Refiners with low-sulfur capabilities likely to fare better this decade: study

Jan. 19, 2010
Low-sulfur diesel and gasoline are likely to spearhead an economic recovery for the refining industry just beyond 2010, a study from Hart Energy Consulting shows

Low-sulfur diesel and gasoline are likely to spearhead an economic recovery for the refining industry just beyond 2010, a study from Hart Energy Consulting shows.

Strong global Gross Domestic Product (GDP) growth (2.7%) in 2010 should buttress refined petroleum product demand, especially in the Asia Pacific region and other emerging markets. Over the next decade, global demand will grow by 1.7% annually, and Asia Pacific will account for nearly half that increase. Worldwide environmental initiatives will spur even higher growth in lower sulfur products. Demand for low-sulfur gasoline and diesel will increase by nearly 17 million barrels per day by 2020 (more than a 70% increase). The oversupply situation in gasoline will be offset by a tight demand/supply balance for clean diesel.

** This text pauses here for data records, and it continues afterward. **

lemma connected_on_insert:
  assumes "connected_on E W" "v \<in> W" "adj E x v"
  shows "connected_on E (insert x W)"
proof -
  have W: "reach E (insert x W) u w" if "u \<in> W" "w \<in> W" for u w
    using assms that unfolding connected_on_def by (auto intro: reach_mono)
  have "reach E (insert x W) x v"
    using assms by (intro reach_adj) auto
  then have x: "reach E (insert x W) x w" if "w \<in> W" for w
    using W[OF assms(2) that] by (rule reach_trans)
  have "reach E (insert x W) u w" if "u \<in> insert x W" "w \<in> insert x W" for u w
    using that W x reach_sym[OF x] reach_refl by (cases "u = x"; cases "w = x") auto
  then show ?thesis
    unfolding connected_on_def by blast
qed

text \<open>The paper's situation \<open>G = G' - x\<close>, \<open>N[x] \<subseteq> N[v]\<close>, with \<open>W\<close> the vertex set of \<open>G\<close>.\<close>
definition dominated_by :: "'a set set \<Rightarrow> 'a set \<Rightarrow> 'a \<Rightarrow> 'a \<Rightarrow> bool" where
  "dominated_by E W x v \<longleftrightarrow>
     v \<in> W \<and> x \<notin> W \<and> adj E x v \<and> (\<forall>u\<in>W. adj E x u \<longrightarrow> u = v \<or> adj E v u)"

lemma dominated_by_subset:
  "dominated_by E W x v \<Longrightarrow> v \<in> W' \<Longrightarrow> W' \<subseteq> W \<Longrightarrow> dominated_by E W' x v"
  unfolding dominated_by_def by blast

lemma closed_nbhd_subset_imp_dominated_by:
  assumes "x \<in> V" "x \<noteq> v" "v \<in> V" "closed_nbhd E V x \<subseteq> closed_nbhd E V v"
  shows "dominated_by E (V - {x}) x v"
  using assms unfolding dominated_by_def closed_nbhd_def by (auto simp: adj_sym)

lemma reach_insert_dominated:
  assumes dom: "dominated_by E S x v" and "reach E (insert x S) a b" "a \<in> S"
  shows "(b \<in> S \<and> reach E S a b) \<or> (b = x \<and> reach E S a v)"
  using assms(2) unfolding reach_def[of E "insert x S"]
proof (induction rule: rtranclp_induct)
  case base
  then show ?case using \<open>a \<in> S\<close> by (simp add: reach_refl)
next
  case (step b c)
  then have bc: "b \<in> insert x S" "c \<in> insert x S" "adj E b c" by auto
  have "b \<noteq> c" using bc(3) by (simp add: adj_def)
  from step.IH show ?case
  proof
    assume b: "b \<in> S \<and> reach E S a b"
    show ?case
    proof (cases "c = x")
      case True
      then have "b = v \<or> adj E v b" using dom b bc(3) unfolding dominated_by_def by (metis adj_sym)
      then show ?thesis using b dom True unfolding dominated_by_def
        by (metis reach_adj reach_sym reach_trans)
    next
      case False
      then show ?thesis using b bc by (metis insertE reach_adj reach_trans)
    qed
  next
    assume b: "b = x \<and> reach E S a v"
    then have "c \<in> S" using bc \<open>b \<noteq> c\<close> by auto
    then have "c = v \<or> adj E v c" using dom b bc(3) unfolding dominated_by_def by blast
    then show ?thesis using b dom \<open>c \<in> S\<close> unfolding dominated_by_def
      by (metis reach_adj reach_trans)
  qed
qed

lemma component_insert_dominated:
  assumes dom: "dominated_by E S x v"
  shows "component E (insert x S) x = insert x (component E S v)"
    and "u \<in> S \<Longrightarrow> reach E S v u \<Longrightarrow> component E (insert x S) u = insert x (component E S v)"
    and "u \<in> S \<Longrightarrow> \<not> reach E S v u \<Longrightarrow> component E (insert x S) u = component E S u"
proof -
  have "x \<notin> S" "v \<in> S" "reach E (insert x S) v x"
    using dom unfolding dominated_by_def by (auto simp: adj_sym intro: reach_adj)
  have S: "reach E (insert x S) a b \<longleftrightarrow> reach E S a b" if "a \<in> S" "b \<in> S" for a b
    using reach_insert_dominated[OF dom _ that(1), of b] that \<open>x \<notin> S\<close>
    by (auto intro: reach_mono)
  have x: "reach E (insert x S) x b \<longleftrightarrow> reach E S v b" if "b \<in> S" for b
    using reach_insert_dominated[OF dom _ that, of x] S[OF \<open>v \<in> S\<close> that]
      \<open>reach E (insert x S) v x\<close>
    by (metis reach_sym reach_trans)
  show x_comp: "component E (insert x S) x = insert x (component E S v)"
    unfolding component_def using x \<open>x \<notin> S\<close> by (auto intro: reach_refl)
  show "component E (insert x S) u = insert x (component E S v)"
    if "u \<in> S" "reach E S v u"
    using component_eq_iff_reach[of u "insert x S" E x] x that x_comp by simp
  show "component E (insert x S) u = component E S u"
    if "u \<in> S" "\<not> reach E S v u"
  proof -
    have "\<not> reach E (insert x S) u x"
      using x that by (metis reach_sym)
    then show ?thesis
      unfolding component_def using S that \<open>x \<notin> S\<close> by auto
  qed
qed

lemma components_insert_dominated:
  assumes dom: "dominated_by E S x v"
  shows "components E (insert x S) =
    insert (insert x (component E S v)) (components E S - {component E S v})"
proof -
  define A where "A = {u \<in> S. reach E S v u}"
  define B where "B = {u \<in> S. \<not> reach E S v u}"
  have "v \<in> A" using dom unfolding A_def dominated_by_def by (simp add: reach_refl)
  have "S = A \<union> B" unfolding A_def B_def by blast
  then have "components E (insert x S) =
      insert (component E (insert x S) x)
        (component E (insert x S) ` A \<union> component E (insert x S) ` B)"
    unfolding components_eq_image by (metis image_Un image_insert)
  also have "component E (insert x S) ` A = {insert x (component E S v)}"
    using component_insert_dominated(2)[OF dom] \<open>v \<in> A\<close> unfolding A_def by blast
  also have "component E (insert x S) ` B = component E S ` B"
    using component_insert_dominated(3)[OF dom] unfolding B_def by simp
  also have "component E S ` B = components E S - {component E S v}"
    unfolding components_eq_image B_def using component_eq_iff_reach by fastforce
  finally show ?thesis
    using component_insert_dominated(1)[OF dom] by simp
qed

lemma search_tree_tverts: "search_tree E V T \<Longrightarrow> tverts T = V"
proof (induction rule: search_tree.induct)
  case (1 V r Ts)
  have "\<Union> (tverts ` fset Ts) = V - {r}"
    using 1(4) by (simp add: Union_components)
  then show ?case using 1(2) by auto
qed

lemma search_tree_connected_on: "search_tree E V T \<Longrightarrow> connected_on E V"
  by (auto elim: search_tree.cases)

lemma search_tree_NodeD:
  assumes "search_tree E V (Node r Ts)"
  shows "connected_on E V" "r \<in> V" "inj_on tverts (fset Ts)"
    "tverts ` fset Ts = components E (V - {r})" "\<And>S. S |\<in>| Ts \<Longrightarrow> search_tree E (tverts S) S"
  using assms by (auto elim: search_tree.cases)

lemma search_tree_child_subset:
  assumes "search_tree E V (Node r Ts)" "S |\<in>| Ts"
  shows "tverts S \<subseteq> V - {r}"
proof -
  have "tverts S \<in> components E (V - {r})"
    using search_tree_NodeD(4)[OF assms(1)] assms(2) by (metis imageI)
  then show ?thesis by (rule components_subset)
qed

lemma search_tree_child_component:
  assumes "search_tree E V (Node r Ts)" "S |\<in>| Ts" "v \<in> tverts S"
  shows "tverts S = component E (V - {r}) v"
proof -
  have "tverts S \<in> components E (V - {r})"
    using search_tree_NodeD(4)[OF assms(1)] assms(2) by (metis imageI)
  then show ?thesis using assms(3) by (rule components_eq_component)
qed

lemma search_tree_child_unique:
  assumes "search_tree E V (Node r Ts)" "S |\<in>| Ts" "S' |\<in>| Ts" "v \<in> tverts S" "v \<in> tverts S'"
  shows "S = S'"
  using assms search_tree_child_component[OF assms(1)] search_tree_NodeD(3)[OF assms(1)]
  by (metis inj_onD)

lemma search_tree_child_exists:
  assumes "search_tree E V (Node r Ts)" "v \<in> V" "v \<noteq> r"
  obtains S where "S |\<in>| Ts" "v \<in> tverts S"
proof -
  have "v \<in> \<Union> (tverts ` fset Ts)"
    using assms search_tree_NodeD(4)[OF assms(1)] Union_components[of E "V - {r}"] by simp
  then show ?thesis using that by blast
qed

lemma depth_child:
  assumes "search_tree E V (Node r Ts)" "S |\<in>| Ts" "v \<in> tverts S"
  shows "depth v (Node r Ts) = Suc (depth v S)"
proof -
  have "v \<noteq> r" using search_tree_child_subset[OF assms(1,2)] assms(3) by auto
  moreover have "insert 0 ((\<lambda>S. if v \<in> tverts S then depth v S else 0) ` fset Ts) = {0, depth v S}"
    using assms search_tree_child_unique[OF assms(1)] by auto
  ultimately show ?thesis by simp
qed

lemma ins_0: "ins T 0 x v = Node x {|T|}"
  by (cases T) simp

lemma ins_Suc_Node:
  assumes "Sv |\<in>| Ts" "v \<in> tverts Sv" "\<And>S. S |\<in>| Ts \<Longrightarrow> v \<in> tverts S \<Longrightarrow> S = Sv"
  shows "ins (Node r Ts) (Suc i) x v = Node r (finsert (ins Sv i x v) (Ts |-| {|Sv|}))"
proof -
  define f where "f = (\<lambda>S. if v \<in> tverts S then ins S i x v else S)"
  have "f |`| (Ts |-| {|Sv|}) = Ts |-| {|Sv|}"
    by (rule fset.map_ident_strong) (use assms(3) in \<open>auto simp: f_def\<close>)
  moreover have "Ts = finsert Sv (Ts |-| {|Sv|})"
    using assms(1) by auto
  ultimately have "f |`| Ts = finsert (ins Sv i x v) (Ts |-| {|Sv|})"
    using assms(2) by (metis f_def fimage_finsert)
  moreover have "ins (Node r Ts) (Suc i) x v = Node r (f |`| Ts)"
    by (simp add: f_def cong: if_cong)
  ultimately show ?thesis by simp
qed

lemma rotate_not_in_tverts: "a \<notin> tverts T \<Longrightarrow> rotate E a b T = T"
proof (induction T)
  case (Node r Ts)
  then have "rotate E a b |`| Ts = Ts"
    by (simp add: fset.map_ident_strong)
  then show ?case using Node.prems by auto
qed

lemma is_child_Node: "S |\<in>| Ts \<Longrightarrow> is_child (Node r Ts) r (troot S)"
  unfolding is_child_def by auto

lemma is_child_Node_lift: "is_child S a b \<Longrightarrow> S |\<in>| Ts \<Longrightarrow> is_child (Node r Ts) a b"
  unfolding is_child_def by auto

lemma search_tree_child_containing:
  assumes st: "search_tree E V (Node r Ts)" and dom: "dominated_by E V x v"
    and "0 < depth v (Node r Ts)"
  obtains Sv where "Sv |\<in>| Ts" "v \<in> tverts Sv"
    "depth v (Node r Ts) = Suc (depth v Sv)"
    "search_tree E (tverts Sv) Sv" "dominated_by E (tverts Sv) x v"
    "\<And>i. ins (Node r Ts) (Suc i) x v = Node r (finsert (ins Sv i x v) (Ts |-| {|Sv|}))"
proof -
  have "v \<noteq> r" "v \<in> V" using assms unfolding dominated_by_def by (auto split: if_splits)
  then obtain Sv where Sv: "Sv |\<in>| Ts" "v \<in> tverts Sv"
    using search_tree_child_exists[OF st] by blast
  show ?thesis
  proof
    show "depth v (Node r Ts) = Suc (depth v Sv)"
      using depth_child[OF st Sv] .
    show "search_tree E (tverts Sv) Sv"
      using search_tree_NodeD(5)[OF st Sv(1)] .
    show "dominated_by E (tverts Sv) x v"
      using dominated_by_subset[OF dom Sv(2)] search_tree_child_subset[OF st Sv(1)] by blast
    show "ins (Node r Ts) (Suc i) x v = Node r (finsert (ins Sv i x v) (Ts |-| {|Sv|}))" for i
      using ins_Suc_Node[OF Sv] search_tree_child_unique[OF st _ Sv(1) _ Sv(2)] by blast
  qed (use Sv in auto)
qed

“Refiners with more flexibility and complexity will be better placed to improve margins as markets emerge from the economic downturn. Refineries that can quickly increase yields of these low-sulfur fuels are the ones that are set to be the most profitable in the short run,” said Terry Higgins, executive director, global refining for Hart Energy Consulting.

The full study covers petroleum product demand and supply, country-specific and global crude and NGL production, as well as a thorough analysis of the impact of environmental regulation and public policy requirements. This year Hart Energy Consulting added a special review of the impact of current issues such as:

  • Developing climate policies on vehicle fleet and fuel quality and demand.
  • Economic subsidies on supply and demand of renewable and low-carbon fuel.
  • A short-term economic recovery: crude oil prices forecast, GDP forecast, vehicle ownership projections, and petroleum demand.